Exercise requirements. In the records below, begin at the line that has "obtain t where" and stop after the line that has "yt2 zb bt2] ."; quote those lines verbatim and nothing more.
+ + +
lemma in_nbhd_succ: "E a u \<Longrightarrow> \<exists>c. E c u \<and> E a c"
  using in_nbhd_disjoint_triangles[of a u]
  unfolding disjoint_triangles_def in_nbhd_def mem_Collect_eq by blast

lemma in_nbhd_succ_unique: "E a u \<Longrightarrow> E c u \<Longrightarrow> E d u \<Longrightarrow> E a c \<Longrightarrow> E a d \<Longrightarrow> c = d"
  using in_nbhd_disjoint_triangles[of a u]
  unfolding disjoint_triangles_def in_nbhd_def mem_Collect_eq by blast

lemma in_nbhd_closed: "E a u \<Longrightarrow> E c u \<Longrightarrow> E d u \<Longrightarrow> E a c \<Longrightarrow> E c d \<Longrightarrow> E d a"
  using in_nbhd_disjoint_triangles[of a u]
  unfolding disjoint_triangles_def in_nbhd_def mem_Collect_eq by blast

lemma automorphism_dg_iso: "dg_iso g V E V E \<Longrightarrow> a \<in> V \<Longrightarrow> c \<in> V \<Longrightarrow> E (g a) (g c) = E a c"
  unfolding dg_iso_def by blast

lemma automorphism_extending_three:
  assumes distinct: "a1 \<noteq> a2" "a1 \<noteq> a3" "a2 \<noteq> a3" "b1 \<noteq> b2" "b1 \<noteq> b3" "b2 \<noteq> b3"
    and adj: "E a1 a2 \<or> E a2 a1" "E a2 a3 \<or> E a3 a2"
    and edges: "E a1 a2 = E b1 b2" "E a2 a1 = E b2 b1" "E a1 a3 = E b1 b3" "E a3 a1 = E b3 b1"
      "E a2 a3 = E b2 b3" "E a3 a2 = E b3 b2"
  obtains g where "dg_iso g V E V E" "g a1 = b1" "g a2 = b2" "g a3 = b3"
proof -
  let ?f = "\<lambda>v. if v = a1 then b1 else if v = a2 then b2 else b3"
  have iso: "dg_iso ?f {a1, a2, a3} (induced E {a1, a2, a3}) {b1, b2, b3} (induced E {b1, b2, b3})"
    by (rule dg_iso_induced_three) (simp_all add: distinct distinct[symmetric] edges irrefl)
  have adj': "E b1 b2 \<or> E b2 b1" "E b2 b3 \<or> E b3 b2"
    using adj edges by simp_all
  have conn: "dg_connected {a1, a2, a3} (induced E {a1, a2, a3})"
    "dg_connected {b1, b2, b3} (induced E {b1, b2, b3})"
    using adj adj' by (simp_all only: dg_connected_induced_three)
  have sub: "{a1, a2, a3} \<subseteq> V" "{b1, b2, b3} \<subseteq> V"
    using adj adj' edge_in_V by blast+
  have fin: "finite {a1, a2, a3}" "finite {b1, b2, b3}"
    by simp_all
  obtain g where "dg_iso g V E V E" "\<forall>v\<in>{a1, a2, a3}. g v = ?f v"
    by (rule c_homogeneousD[OF c_homogeneous sub fin conn iso])
  with distinct that show ?thesis by simp
qed

text \<open>Every directed triangle is mapped by an automorphism onto a triangle of \<open>N\<^sup>-(x)\<close>;
  the preimage of \<open>x\<close> is then a common out-neighbour.\<close>
lemma triangle_common_out_nbr:
  assumes yz: "E y z" and zw: "E z w" and wy: "E w y" and sx: "E s x"
  obtains b where "E y b" "E z b" "E w b"
proof -
  obtain s' where s'x: "E s' x" and ss': "E s s'" using in_nbhd_succ[OF sx] by blast
  obtain s'' where s''x: "E s'' x" and s's'': "E s' s''" using in_nbhd_succ[OF s'x] by blast
  have s''s: "E s'' s" using in_nbhd_closed[OF sx s'x s''x ss' s's''] .
  obtain g where g: "dg_iso g V E V E" and gy: "g y = s" and gz: "g z = s'" and gw: "g w = s''"
    by (rule automorphism_extending_three[of y z w s s' s''])
      (use yz zw wy ss' s's'' s''s irrefl asym in metis)+
  have "x \<in> g ` V" using g edge_in_V(2)[OF sx] unfolding dg_iso_def bij_betw_def by blast
  then obtain b where bV: "b \<in> V" and gb: "g b = x" by blast
  have "E y b" "E z b" "E w b"
    using automorphism_dg_iso[OF g _ bV] edge_in_V gy gz gw gb sx s'x s''x yz zw wy by metis+
  with that show ?thesis .
qed

text \<open>If \<open>b \<rightarrow> x\<close>, the predecessor \<open>t\<close> of \<open>z\<close> in \<open>N\<^sup>+(y)\<close> and the predecessor \<open>t'\<close> of \<open>w\<close> in
  \<open>N\<^sup>+(z)\<close> are both successors of \<open>b\<close> in \<open>N\<^sup>-(x)\<close>, so \<open>t = t'\<close> has the two successors \<open>z, w\<close>
  in \<open>N\<^sup>+(x)\<close>.\<close>
lemma common_out_nbr_not_into:
  assumes xy: "E x y" and xz: "E x z" and xw: "E x w"
    and yz: "E y z" and zw: "E z w"
    and yb: "E y b" and zb: "E z b" and wb: "E w b"
  shows "\<not> E b x"
proof
  assume bx: "E b x"
  obtain t where tz: "E t z" and yt: "E y t" using in_nbhd_succ[OF yz] by blast
  have tx: "E t x" using in_nbhd_closed[OF xz yz tz xy yt] .
  obtain t2 where yt2: "E y t2" and bt2: "E b t2" using out_nbhd_succ[OF yb] by blast
  have "E t2 z" using out_nbhd_closed[OF yz yb yt2 zb bt2] .
  then have bt: "E b t" using out_nbhd_pred_unique[OF yz yt yt2 tz] bt2 by simp
  obtain t' where t'w: "E t' w" and zt': "E z t'" using in_nbhd_succ[OF zw] by blast
  have t'x: "E t' x" using in_nbhd_closed[OF xw zw t'w xz zt'] .
  obtain t3 where zt3: "E z t3" and bt3: "E b t3" using out_nbhd_succ[OF zb] by blast
  have "E t3 w" using out_nbhd_closed[OF zw zb zt3 wb bt3] .
  then have bt': "E b t'" using out_nbhd_pred_unique[OF zw zt' zt3 t'w] bt3 by simp
  have "t = t'" using in_nbhd_succ_unique[OF bx tx t'x bt bt'] .
  then have "z = w" using out_nbhd_succ_unique[OF tx tz _ xz xw] t'w by simp
  with zw irrefl show False by simp
qed

text \<open>The induced paths \<open>x y q\<close> and \<open>x y b\<close> are isomorphic; an automorphism realising this
  fixes \<open>z\<close>, the unique common out-neighbour of \<open>x\<close> and \<open>y\<close>.\<close>
lemma out_nbr_into_unless_adjacent:
  assumes xy: "E x y" and xz: "E x z" and yz: "E y z"
    and yb: "E y b" and zb: "E z b" and xb: "\<not> E x b" and bx: "\<not> E b x"
    and yq: "E y q" and qz: "q \<noteq> z" and zq: "\<not> E z q"
  shows "E q x"
proof (rule ccontr)
  assume qx: "\<not> E q x"
  have xq: "\<not> E x q" using out_nbhd_succ_unique[OF xy _ xz yq yz] qz by blast
  obtain g where g: "dg_iso g V E V E" and gx: "g x = x" and gy: "g y = y" and gq: "g q = b"
    by (rule automorphism_extending_three[of x y q x y b])
      (use xy yq yb xq qx xb bx irrefl asym in metis)+
  have zV: "z \<in> V" using edge_in_V(2)[OF xz] .
  have "E x (g z)" "E y (g z)"
    using automorphism_dg_iso[OF g _ zV] edge_in_V xy xz yz gx gy by metis+
  then have "g z = z" using out_nbhd_succ_unique[OF xy _ xz _ yz] by blast
  then have "E z q = E z b"
    using automorphism_dg_iso[OF g zV edge_in_V(2)[OF yq]] gq by simp
  with zq zb show False by simp
qed

lemma out_triangle_not_into:
  assumes xy: "E x y" and yp: "E y p" and yp': "E y p'" and yp'': "E y p''"
    and pp': "E p p'" and p'p'': "E p' p''"
    and px: "E p x" and p'x: "E p' x" and p''x: "E p'' x"
  shows False
proof -
  have between: "\<exists>s. E x s \<and> E s y \<and> E s v' \<and> E v s"
    if vx: "E v x" and v'x: "E v' x" and vv': "E v v'" and yv: "E y v" and yv': "E y v'" for v v'
  proof -
    obtain s where vs: "E v s" and xs: "E x s" using out_nbhd_succ[OF vx] by blast
    have sv': "E s v'" using out_nbhd_closed[OF vv' vx vs v'x xs] .
    have "E s y" using in_nbhd_closed[OF yv' vv' sv' yv vs] .
    with xs sv' vs show ?thesis by blast
  qed
  obtain s where "E x s" "E s y" "E s p'" using between[OF px p'x pp' yp yp'] by blast
  moreover obtain s' where "E x s'" "E s' y" "E p' s'" using between[OF p'x p''x p'p'' yp' yp''] by blast
  ultimately have "E s p'" "E p' s" using out_nbhd_pred_unique[OF xy] by metis+
  with asym show False by blast
qed

lemma not_adjacent_succ:
  assumes yz: "E y z" and yq: "E y q" and yq': "E y q'" and qq': "E q q'"
    and "q \<noteq> z" "\<not> E z q" "\<not> E q z"
  shows "q' \<noteq> z \<and> \<not> E z q' \<and> \<not> E q' z"
  using assms out_nbhd_pred_unique[OF yq' yz yq] out_nbhd_closed[OF yq yq' yz qq'] by blast

lemma out_nbr_adjacent:
  assumes xy: "E x y" and xz: "E x z" and yz: "E y z" and sx: "E s x" and yq: "E y q"
  shows "q = z \<or> E z q \<or> E q z"
proof (rule ccontr)
  assume far: "\<not> (q = z \<or> E z q \<or> E q z)"
  obtain w where xw: "E x w" and zw: "E z w" using out_nbhd_succ[OF xz] by blast
  have wy: "E w y" using out_nbhd_closed[OF xy xz xw yz zw] .
  obtain b where yb: "E y b" and zb: "E z b" and wb: "E w b"
    using triangle_common_out_nbr[OF yz zw wy sx] .
  have xb: "\<not> E x b" using out_nbhd_succ_unique[OF xy xz _ yz yb] zb irrefl by blast
  have bx: "\<not> E b x" using common_out_nbr_not_into[OF xy xz xw yz zw yb zb wb] .
  obtain q' where yq': "E y q'" and qq': "E q q'" using out_nbhd_succ[OF yq] by blast
  obtain q'' where yq'': "E y q''" and q'q'': "E q' q''" using out_nbhd_succ[OF yq'] by blast
  have far': "q' \<noteq> z \<and> \<not> E z q' \<and> \<not> E q' z"
    using not_adjacent_succ[OF yz yq yq' qq'] far by blast
  have far'': "q'' \<noteq> z \<and> \<not> E z q'' \<and> \<not> E q'' z"
    using not_adjacent_succ[OF yz yq' yq'' q'q''] far' by blast
  have "E q x" "E q' x" "E q'' x"
    using out_nbr_into_unless_adjacent[OF xy xz yz yb zb xb bx] yq yq' yq'' far far' far''
    by blast+
  then show False using out_triangle_not_into[OF xy yq yq' yq'' qq' q'q''] by blast
qed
+ + +
Response below.
  obtain t where tz: "E t z" and yt: "E y t" using in_nbhd_succ[OF yz] by blast
  have tx: "E t x" using in_nbhd_closed[OF xz yz tz xy yt] .
  obtain t2 where yt2: "E y t2" and bt2: "E b t2" using out_nbhd_succ[OF yb] by blast
  have "E t2 z" using out_nbhd_closed[OF yz yb yt2 zb bt2] .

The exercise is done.